The U.S. stock market sold off quite strongly last week, ending the week near its low. It was the lowest closing price for about 4 months, and was only just above the S&P 500 Index’s 200-day simple moving average, a traditional measure of a market’s health:
It doesn’t look like a very healthy price chart, does it? Yet we shouldn’t be overly quick to call a bear market. After all, we haven’t had one close below the moving average, let alone the several consecutive ones we would ideally want to see. What about other measurements? The old benchmark is a drop of at least 20% from the high price, while the drop is barely only 10%. Another benchmark commonly applied is a cross of the 50-day moving average below the 200-day moving average (the “death cross”) to signify the start of a bear market. This is not remotely close to happening. My preferred measurement personally is simply whether the price is higher or lower than it was 6 months ago, and on this metric, the price must drop further before qualifying as bearish.

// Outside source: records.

lemma alt_power_val_odd_recurrence:
  assumes "j \<noteq> 0"
  shows "alt_power_val (2 * j + 1) =
           - (\<Sum>i<j. of_nat (2 * j choose (2 * i + 1)) *
                alt_power_val (2 * i + 1) * alt_power_val (2 * (j - 1 - i) + 1))"
proof -
  define f where "f k = of_nat (2 * j choose k) * alt_power_val k * alt_power_val (2 * j - k)" for k
  have "- alt_power_val (2 * j + 1) = (\<Sum>k\<le>2 * j. f k)"
    using alt_power_val_convolution[of "2 * j"] alt_power_val_even[of "2 * j"] assms
    by (simp add: f_def)
  also have "\<dots> = (\<Sum>k<2 * j. if even k then f k else f k) + f (2 * j)"
    by (simp add: lessThan_Suc_atMost[symmetric])
  also have "\<dots> = (\<Sum>i<j. f (2 * i)) + (\<Sum>i<j. f (2 * i + 1)) + f (2 * j)"
    by (simp only: sum_split_even_odd)
  also have "(\<Sum>i<j. f (2 * i)) = 0"
  proof (rule sum.neutral, intro ballI)
    fix i
    assume "i \<in> {..<j}"
    then have "alt_power_val (2 * i) = 0 \<or> alt_power_val (2 * j - 2 * i) = 0"
      using alt_power_val_even assms by (cases "i = 0") auto
    then show "f (2 * i) = 0"
      by (auto simp: f_def)
  qed
  also have "f (2 * j) = 0"
    using alt_power_val_even[of "2 * j"] assms by (simp add: f_def)
  also have "f (2 * i + 1) = of_nat (2 * j choose (2 * i + 1)) *
               alt_power_val (2 * i + 1) * alt_power_val (2 * (j - 1 - i) + 1)" if "i < j" for i
  proof -
    have "2 * j - (2 * i + 1) = 2 * (j - 1 - i) + 1"
      using that by simp
    then show ?thesis
      by (simp add: f_def)
  qed
  then have "(\<Sum>i<j. f (2 * i + 1)) = (\<Sum>i<j. of_nat (2 * j choose (2 * i + 1)) *
               alt_power_val (2 * i + 1) * alt_power_val (2 * (j - 1 - i) + 1))"
    by (intro sum.cong) auto
  finally show ?thesis
    by simp
qed

lemma alt_power_val_odd_sign: "(-1) ^ j * alt_power_val (2 * j + 1) > 0"
proof (induction j rule: less_induct)
  case (less j)
  show ?case
  proof (cases "j = 0")
    case True
    then show ?thesis
      using alt_power_val_convolution[of 0] by (simp add: alt_power_val_0)
  next
    case False
    let ?a = "\<lambda>i. (-1) ^ i * alt_power_val (2 * i + 1)"
    have sign: "(-1) ^ j = - ((-1) ^ i * (-1) ^ (j - 1 - i) :: real)" if "i < j" for i
    proof -
      have "j = Suc (i + (j - 1 - i))"
        using that by simp
      then show ?thesis
        by (metis mult_minus1 power_Suc power_add)
    qed
    have "(-1) ^ j * alt_power_val (2 * j + 1) =
          (\<Sum>i<j. of_nat (2 * j choose (2 * i + 1)) * (?a i * ?a (j - 1 - i)))"
      unfolding alt_power_val_odd_recurrence[OF False] mult_minus_right sum_distrib_left
        sum_negf[symmetric]
      by (intro sum.cong) (auto simp: sign)
    also have "\<dots> > 0"
      using False less by (intro sum_pos) (auto intro!: mult_pos_pos)
    finally show ?thesis .
  qed
qed

lemma smooth_part_monom_2:
  assumes "even N" and "N \<noteq> 0"
  shows "smooth_part (monom 1 N) 2 = [:alt_power_val (Suc N):]"
proof -
  have osc_1: "osc_part (monom 1 N) 1 = alt_power_poly N"
    by (simp add: osc_part.simps(2) alt_power_poly_def)
  then have "osc_part (monom 1 N) 2 = [:1, 1:] * alt_power_poly N - alt_power_poly (Suc N)"
    by (simp add: numeral_2_eq_2 osc_part.simps(2) alt_antidiff_alt_power_poly)
  moreover have "alt_power_val N = 0"
    using alt_power_val_even assms by blast
  ultimately show ?thesis
    using osc_1 by (simp add: numeral_2_eq_2 smooth_part.simps(2) alt_power_val_def)
qed

lemma degree_smooth_part_monom:
  assumes "even N" and "N \<noteq> 0" and "s \<ge> 2"
  shows "degree (smooth_part (monom 1 N :: real poly) s) = s - 2"
proof -
  obtain j where "Suc N = 2 * j + 1"
    using assms(1) by auto
  then have "alt_power_val (Suc N) \<noteq> 0"
    using alt_power_val_odd_sign[of j] by auto
  then have "smooth_part (monom 1 N :: real poly) 2 \<noteq> 0"
    "degree (smooth_part (monom 1 N :: real poly) 2) = 0"
    using smooth_part_monom_2[OF assms(1,2)] by simp_all
  moreover obtain k where "s = 2 + k"
    using assms(3) le_Suc_ex by blast
  ultimately show ?thesis
    using degree_smooth_part_add[of "monom 1 N :: real poly" 2 k] by simp
qed

section \<open>Weakly increasing index lists\<close>

definition sorted_lists :: "nat \<Rightarrow> nat \<Rightarrow> nat list set" where
  "sorted_lists s n = {is. length is = s \<and> sorted is \<and> set is \<subseteq> {1..n}}"

lemma finite_sorted_lists: "finite (sorted_lists s n)"
proof -
  have "sorted_lists s n \<subseteq> {xs. set xs \<subseteq> {1..n} \<and> length xs = s}"
    by (auto simp: sorted_lists_def)
  then show ?thesis
    using finite_lists_length_eq[of "{1..n}" s] finite_subset by blast
qed

lemma sorted_lists_0: "sorted_lists 0 n = {[]}"
  by (auto simp: sorted_lists_def)

lemma sorted_lists_Suc_0: "sorted_lists (Suc s) 0 = {}"
  by (auto simp: sorted_lists_def)

lemma sorted_lists_Suc_Suc:
  "sorted_lists (Suc s) (Suc n) =
     sorted_lists (Suc s) n \<union> (\<lambda>is. is @ [Suc n]) ` sorted_lists s (Suc n)"
proof
  show "sorted_lists (Suc s) (Suc n) \<subseteq>
          sorted_lists (Suc s) n \<union> (\<lambda>is. is @ [Suc n]) ` sorted_lists s (Suc n)"
  proof
    fix xs
    assume xs: "xs \<in> sorted_lists (Suc s) (Suc n)"
    show "xs \<in> sorted_lists (Suc s) n \<union> (\<lambda>is. is @ [Suc n]) ` sorted_lists s (Suc n)"
    proof (cases "Suc n \<in> set xs")
      case False
      then have "set xs \<subseteq> {1..n}"
        using xs by (auto simp: sorted_lists_def le_Suc_eq)
      then show ?thesis
        using xs by (auto simp: sorted_lists_def)
    next
      case True
      then obtain ys y where xs_eq: "xs = ys @ [y]"
        by (cases xs rule: rev_cases) auto
      have "y = Suc n"
        using xs True by (auto simp: xs_eq sorted_lists_def sorted_append intro: antisym)
      moreover have "ys \<in> sorted_lists s (Suc n)"
        using xs by (auto simp: xs_eq sorted_lists_def sorted_append)
      ultimately show ?thesis
        by (auto simp: xs_eq)
    qed
  qed
qed (auto simp: sorted_lists_def sorted_append subset_iff)

lemma sum_sorted_lists_Suc_Suc:
  "(\<Sum>is\<in>sorted_lists (Suc s) (Suc n). g is) =
     (\<Sum>is\<in>sorted_lists (Suc s) n. g is) +
     (\<Sum>is\<in>sorted_lists s (Suc n). g (is @ [Suc n]))"
proof -
  have "sorted_lists (Suc s) n \<inter> (\<lambda>is. is @ [Suc n]) ` sorted_lists s (Suc n) = {}"
    by (auto simp: sorted_lists_def)
  moreover have "inj_on (\<lambda>is. is @ [Suc n]) (sorted_lists s (Suc n))"
    by (auto simp: inj_on_def)
  ultimately show ?thesis
    unfolding sorted_lists_Suc_Suc
    by (simp add: sum.union_disjoint finite_sorted_lists sum.reindex)
qed

lemma sum_sorted_lists_hd_eq_iter_psum:
  "(\<Sum>is\<in>sorted_lists (Suc s) n. f (hd is)) = iter_psum f (Suc s) n"
proof (induction s arbitrary: n)
  case 0
  show ?case
    by (induction n) (simp_all add: sorted_lists_Suc_0 sum_sorted_lists_Suc_Suc sorted_lists_0)
next
  case (Suc s)
  note IH_s = Suc.IH
  show ?case
  proof (induction n)
    case 0
    then show ?case
      by (simp add: sorted_lists_Suc_0)
  next
    case (Suc n)
    have "(\<Sum>is\<in>sorted_lists (Suc (Suc s)) (Suc n). f (hd is)) =
          (\<Sum>is\<in>sorted_lists (Suc (Suc s)) n. f (hd is)) +
          (\<Sum>is\<in>sorted_lists (Suc s) (Suc n). f (hd (is @ [Suc n])))"
      by (rule sum_sorted_lists_Suc_Suc)
    also have "(\<Sum>is\<in>sorted_lists (Suc s) (Suc n). f (hd (is @ [Suc n]))) =
          (\<Sum>is\<in>sorted_lists (Suc s) (Suc n). f (hd is))"
      by (intro sum.cong) (auto simp: sorted_lists_def hd_append)
    finally show ?case
      by (simp only: Suc.IH IH_s iter_psum_Suc_Suc[of f "Suc s"])
  qed
qed

lemma alt_multi_sum_eq_iter_psum:
  assumes "s \<noteq> 0"
  shows "real_of_int (alt_multi_sum s N x n) =
           iter_psum (\<lambda>k. (-1) ^ k * (real k + real_of_int x) ^ N) s n"
proof -
  obtain t where "s = Suc t"
    using assms not0_implies_Suc by blast
  then show ?thesis
    using sum_sorted_lists_hd_eq_iter_psum[where s = t and n = n
        and f = "\<lambda>k. (-1) ^ k * (real k + real_of_int x) ^ N"]
    by (simp add: alt_multi_sum_def sorted_lists_def)
qed

lemma iter_psum_alternating_power_closed_form:
  assumes "even N" and "N \<noteq> 0" and "even s" and "s \<noteq> 0"
  shows "\<exists>F G :: real poly. degree F = N div 2 \<and> degree G = s div 2 - 1 \<and>
           (\<forall>n. iter_psum (\<lambda>k. (-1) ^ k * real k ^ N) s n =
                  (-1) ^ n * poly F (real n * (real n + real s)) +
                  poly G (real n * (real n + real s)))"
proof -
  let ?p = "monom 1 N :: real poly"
  have p_even: "poly ?p (- x) = poly ?p x" for x
    using assms(1) by (simp add: poly_monom)
  have p_0: "poly ?p 0 = 0"
    using assms(2) by (simp add: poly_monom)
  obtain F where F: "\<forall>x. poly (osc_part ?p s) x = poly F (x * (x + real s))"
    "2 * degree F = degree (osc_part ?p s)"
    using reflection_invariant_poly_decompose[OF osc_part_reflect[OF p_even, of s]] by blast
  obtain G where G: "\<forall>x. poly (smooth_part ?p s) x = poly G (x * (x + real s))"
    "2 * degree G = degree (smooth_part ?p s)"
    using reflection_invariant_poly_decompose[OF smooth_part_reflect[OF p_even p_0 assms(3)]]
    by blast
  have "degree F = N div 2"
    using F(2) by (simp add: degree_monom_eq)
  moreover have "degree G = s div 2 - 1"
    using G(2) degree_smooth_part_monom[OF assms(1,2), of s] assms(3,4) by fastforce
  moreover have "iter_psum (\<lambda>k. (-1) ^ k * real k ^ N) s n =
      (-1) ^ n * poly F (real n * (real n + real s)) + poly G (real n * (real n + real s))" for n
    using iter_psum_alternating_poly[of ?p s n] F(1) G(1) by (simp add: poly_monom)
  ultimately show ?thesis
    by blast
qed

Yet there is still something about this chart that makes me deeply uneasy and ready to consider liquidating all my stocks. Two things, in fact: the steep rise in volatility since the sell off, and the price action of the candlesticks within the chart itself. Both look bearish, as such a sharp increase in volatility after a strongly bullish “exhaustion” move is often bearish. Also, we can see a double top made after the price recovered from its initial strong fall. The price has moved down strongly from the second top within the double top formation.
Arguments can be made to persist with a bullish outlook. The price still hasn’t broken the recent lows, as can be seen from the chart above. The price might test them again and rise sharply, printing a double bottom which becomes a buying opportunity. This might happen. Historical data shows the U.S. stock market is more resilient on the long side than the short side: long is the market’s natural tendency.
The next week or two are likely to be critical to the future direction of the stock market. If you have stocks or are considering investing, it would probably be wise to watch the next developments carefully, especially what happens as the first quarter comes to an end at the end of this week. Much will probably depend upon how the U.S. / China tariff “war” plays out.